TRIGGERFISH (Vendor)
- Zero access by default
- Customer-granted support access only (time-bound, logged)
^
| explicit grant only
ORG ADMIN (Customer)
- Full visibility into all employee-agent activity
- Sets policies, permissions, allowed integrations
- Controls data retention, export, legal hold
^
| org policy constrains
EMPLOYEE (End User)
- Uses agent within org-defined boundaries
- Knows conversations are visible to employerTIP
Personal tier: The user IS the org admin. Full sovereignty. No Triggerfish visibility. The vendor has zero access to user data by default and can only gain access through an explicit, time-bound, logged grant from the user.

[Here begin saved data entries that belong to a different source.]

lemma dyadic_pl_continuous_on:
  assumes pl: "dyadic_pl D f"
  shows "continuous_on {0..1} f"
proof -
  define I where "I = {p \<in> D \<times> D. fst p < snd p \<and> {fst p<..<snd p} \<inter> D = {}}"
  have sub: "D \<subseteq> {0..1}" and "finite D"
    using pl by (simp_all add: dyadic_pl_def)
  moreover have "I \<subseteq> D \<times> D"
    by (auto simp: I_def)
  ultimately have "finite I"
    by (meson finite_SigmaI finite_subset)
  have "x \<in> (\<Union>p\<in>I. {fst p..snd p})" if x: "x \<in> {0..1}" for x
  proof -
    obtain u v where "u \<in> D" "v \<in> D" "u < v" "{u<..<v} \<inter> D = {}" "x \<in> {u..v}"
      using dyadic_pl_cover[OF pl, of x] x by auto
    then show ?thesis
      by (intro UN_I[of "(u, v)"]) (simp_all add: I_def)
  qed
  then have "{0..1} \<subseteq> (\<Union>p\<in>I. {fst p..snd p})"
    by blast
  moreover have "{fst p..snd p} \<subseteq> {0..1}" if "p \<in> I" for p
    using that subsetD[OF sub, of "fst p"] subsetD[OF sub, of "snd p"] by (auto simp: I_def)
  then have "(\<Union>p\<in>I. {fst p..snd p}) \<subseteq> {0..1}"
    by (rule UN_least)
  ultimately have cover: "{0..1} = (\<Union>p\<in>I. {fst p..snd p})"
    by (rule equalityI)
  have "continuous_on {fst p..snd p} f" if p: "p \<in> I" for p
  proof -
    have "fst p \<in> D" "snd p \<in> D" "fst p < snd p" "{fst p<..<snd p} \<inter> D = {}"
      using p by (simp_all add: I_def mem_Times_iff)
    then obtain k :: int and b :: real where kb: "\<forall>x\<in>{fst p..snd p}. f x = 2 powr k * x + b"
      using pl unfolding dyadic_pl_def by blast
    have "continuous_on {fst p..snd p} (\<lambda>x. 2 powr k * x + b)"
      by (intro continuous_intros)
    then show ?thesis
      by (rule continuous_on_eq) (use kb in simp)
  qed
  then have "continuous_on (\<Union>p\<in>I. {fst p..snd p}) f"
    using \<open>finite I\<close> by (intro continuous_on_closed_Union) auto
  then show ?thesis
    using cover by simp
qed

lemma dyadic_pl_dyadic_image:
  assumes pl: "dyadic_pl D f" and "f 0 = 0" "x \<in> D"
  shows "dyadic (f x)"
  using assms(3)
proof (induction "card {d\<in>D. d < x}" arbitrary: x rule: less_induct)
  case less
  have fin: "finite D" and sub: "D \<subseteq> {0..1}" and "0 \<in> D" and dy: "\<forall>x\<in>D. dyadic x"
    using pl by (auto simp: dyadic_pl_def)
  show ?case
  proof (cases "x = 0")
    case True
    then show ?thesis
      using \<open>f 0 = 0\<close> dyadic_of_int[of 0] by simp
  next
    case False
    let ?L = "{d\<in>D. d < x}"
    have "x \<in> {0..1}"
      using sub less.prems by blast
    then have "0 \<in> ?L"
      using \<open>0 \<in> D\<close> False by simp
    then have L: "finite ?L" "?L \<noteq> {}"
      using fin by auto
    define u where "u = Max ?L"
    have u: "u \<in> D" "u < x"
      using Max_in[OF L] unfolding u_def by auto
    have "y \<notin> D" if "u < y" "y < x" for y
      using that Max_ge[OF L(1), of y] by (auto simp: u_def)
    then have "{u<..<x} \<inter> D = {}"
      by auto
    then obtain k :: int and b :: real where kb: "\<forall>t\<in>{u..x}. f t = 2 powr k * t + b"
      using pl u less.prems unfolding dyadic_pl_def by blast
    have "card {d\<in>D. d < u} < card ?L"
      using u L(1) by (intro psubset_card_mono) auto
    then have "dyadic (f u)"
      using less.hyps u by blast
    moreover have "f x = f u + 2 powr k * (x - u)"
      using kb u by (simp add: algebra_simps)
    moreover have "dyadic (2 powr k * (x - u))"
      using dy u less.prems by (intro dyadic_two_powr_mult dyadic_diff) auto
    ultimately show ?thesis
      by (simp add: dyadic_add)
  qed
qed

lemma dyadic_pl_dyadic_iff:
  assumes pl: "dyadic_pl D f" and "f 0 = 0" "0 \<le> x" "x \<le> 1"
  shows "dyadic (f x) \<longleftrightarrow> dyadic x"
proof -
  obtain u v where uv: "u \<in> D" "v \<in> D" "u < v" "{u<..<v} \<inter> D = {}" "x \<in> {u..v}"
    using dyadic_pl_cover[OF pl assms(3,4)] by blast
  obtain k :: int and b :: real where kb: "\<forall>t\<in>{u..v}. f t = 2 powr k * t + b"
    using pl uv unfolding dyadic_pl_def by blast
  have fx: "f x = f u + 2 powr k * (x - u)"
    using kb uv by (simp add: algebra_simps)
  have x: "x = u + 2 powr of_int (- k) * (f x - f u)"
    unfolding fx by (simp add: powr_minus field_simps)
  have u: "dyadic u" "dyadic (f u)"
    using pl uv(1) dyadic_pl_dyadic_image[OF pl assms(2) uv(1)] unfolding dyadic_pl_def by blast+
  show ?thesis
  proof
    assume "dyadic (f x)"
    then show "dyadic x"
      using u by (subst x) (intro dyadic_add dyadic_two_powr_mult dyadic_diff)
  next
    assume "dyadic x"
    then show "dyadic (f x)"
      using u by (subst fx) (intro dyadic_add dyadic_two_powr_mult dyadic_diff)
  qed
qed

section \<open>Thompson's group F\<close>

lemma strict_mono_on_Icc_homeomorphism:
  fixes f :: "real \<Rightarrow> real"
  assumes mono: "strict_mono_on {a..b} f" and cont: "continuous_on {a..b} f"
    and "f a = a" "f b = b"
  shows "\<exists>g. homeomorphism {a..b} {a..b} f g"
proof -
  have "f x \<in> {a..b}" if "x \<in> {a..b}" for x
    using that strict_mono_on_leD[OF mono, of a x] strict_mono_on_leD[OF mono, of x b] assms(3,4)
    by auto
  moreover have "y \<in> f ` {a..b}" if "y \<in> {a..b}" for y
    using IVT'[of f a y b] that cont assms(3,4) by force
  ultimately have "f ` {a..b} = {a..b}"
    by blast
  then show ?thesis
    using homeomorphism_compact[OF compact_Icc cont] strict_mono_on_imp_inj_on[OF mono] by blast
qed

lemma thompsonF_carrierI:
  assumes pl: "dyadic_pl D f" and "f 0 = 0" "f 1 = 1" and outside: "\<And>x. x \<notin> {0..1} \<Longrightarrow> f x = x"
  shows "f \<in> thompsonF_carrier"
proof -
  have mono: "strict_mono_on {0..1} f"
    by (rule dyadic_pl_strict_mono_on[OF pl])
  obtain g where "homeomorphism {0..1} {0..1} f g"
    using strict_mono_on_Icc_homeomorphism[OF mono dyadic_pl_continuous_on[OF pl]] assms(2,3)
    by blast
  define xs where "xs = sorted_list_of_set D"
  have fin: "finite D" and sub: "D \<subseteq> {0..1}" and "0 \<in> D" "1 \<in> D" and dy: "\<forall>x\<in>D. dyadic x"
    using pl by (simp_all add: dyadic_pl_def)
  then have set_xs: "set xs = D" and sorted: "sorted_wrt (<) xs"
    by (simp_all add: xs_def)
  have "card {0, 1::real} \<le> card D"
    using fin \<open>0 \<in> D\<close> \<open>1 \<in> D\<close> by (intro card_mono) auto
  then have len: "2 \<le> length xs"
    using fin by (simp add: xs_def)
  then have "xs \<noteq> []"
    by auto
  then have "hd xs \<in> {0..1}" "last xs \<in> {0..1}"
    using sub set_xs hd_in_set last_in_set by blast+
  moreover have "hd xs \<le> 0" "1 \<le> last xs"
    using strict_sorted_hd_le_le_last[OF sorted] set_xs \<open>0 \<in> D\<close> \<open>1 \<in> D\<close> by auto
  ultimately have "hd xs = 0" "last xs = 1"
    by auto
  moreover have "\<exists>(k::int) b. \<forall>x\<in>{xs ! i..xs ! Suc i}. f x = 2 powr k * x + b"
    if "Suc i < length xs" for i
  proof -
    have "xs ! i \<in> D" "xs ! Suc i \<in> D" "xs ! i < xs ! Suc i" "{xs ! i<..<xs ! Suc i} \<inter> D = {}"
      using strict_sorted_consecutive_iff[OF sorted, of "xs ! i" "xs ! Suc i"] that set_xs by auto
    then show ?thesis
      using pl unfolding dyadic_pl_def by blast
  qed
  ultimately show ?thesis
    unfolding thompsonF_carrier_def using \<open>homeomorphism _ _ f g\<close> mono outside len sorted dy set_xs
    by blast
qed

How the Layers Work Together
Consider a prompt injection attack where a malicious message attempts to exfiltrate data:
| Step | Layer | Action |
|---|---|---|
| 1 | Channel authentication | Message tagged { source: "external" } -- not owner |
| 2 | PRE_CONTEXT_INJECTION | Input scanned for injection patterns, classified |
| 3 | Session taint | Session taint unchanged (no classified data accessed) |
| 4 | LLM processes message | LLM may be manipulated into requesting a tool call |
| 5 | PRE_TOOL_CALL | Tool permission check against external-source rules |
| 6 | POST_TOOL_RESPONSE | Any returned data classified, taint updated |
| 7 | PRE_OUTPUT | Output classification vs. target checked |
| 8 | Audit logging | Entire sequence recorded for review |
Even if the LLM is fully compromised at step 4 and requests a data exfiltration tool call, the remaining layers (permission checks, taint tracking, output classification, audit logging) continue to enforce policy. No single point of failure compromises the system.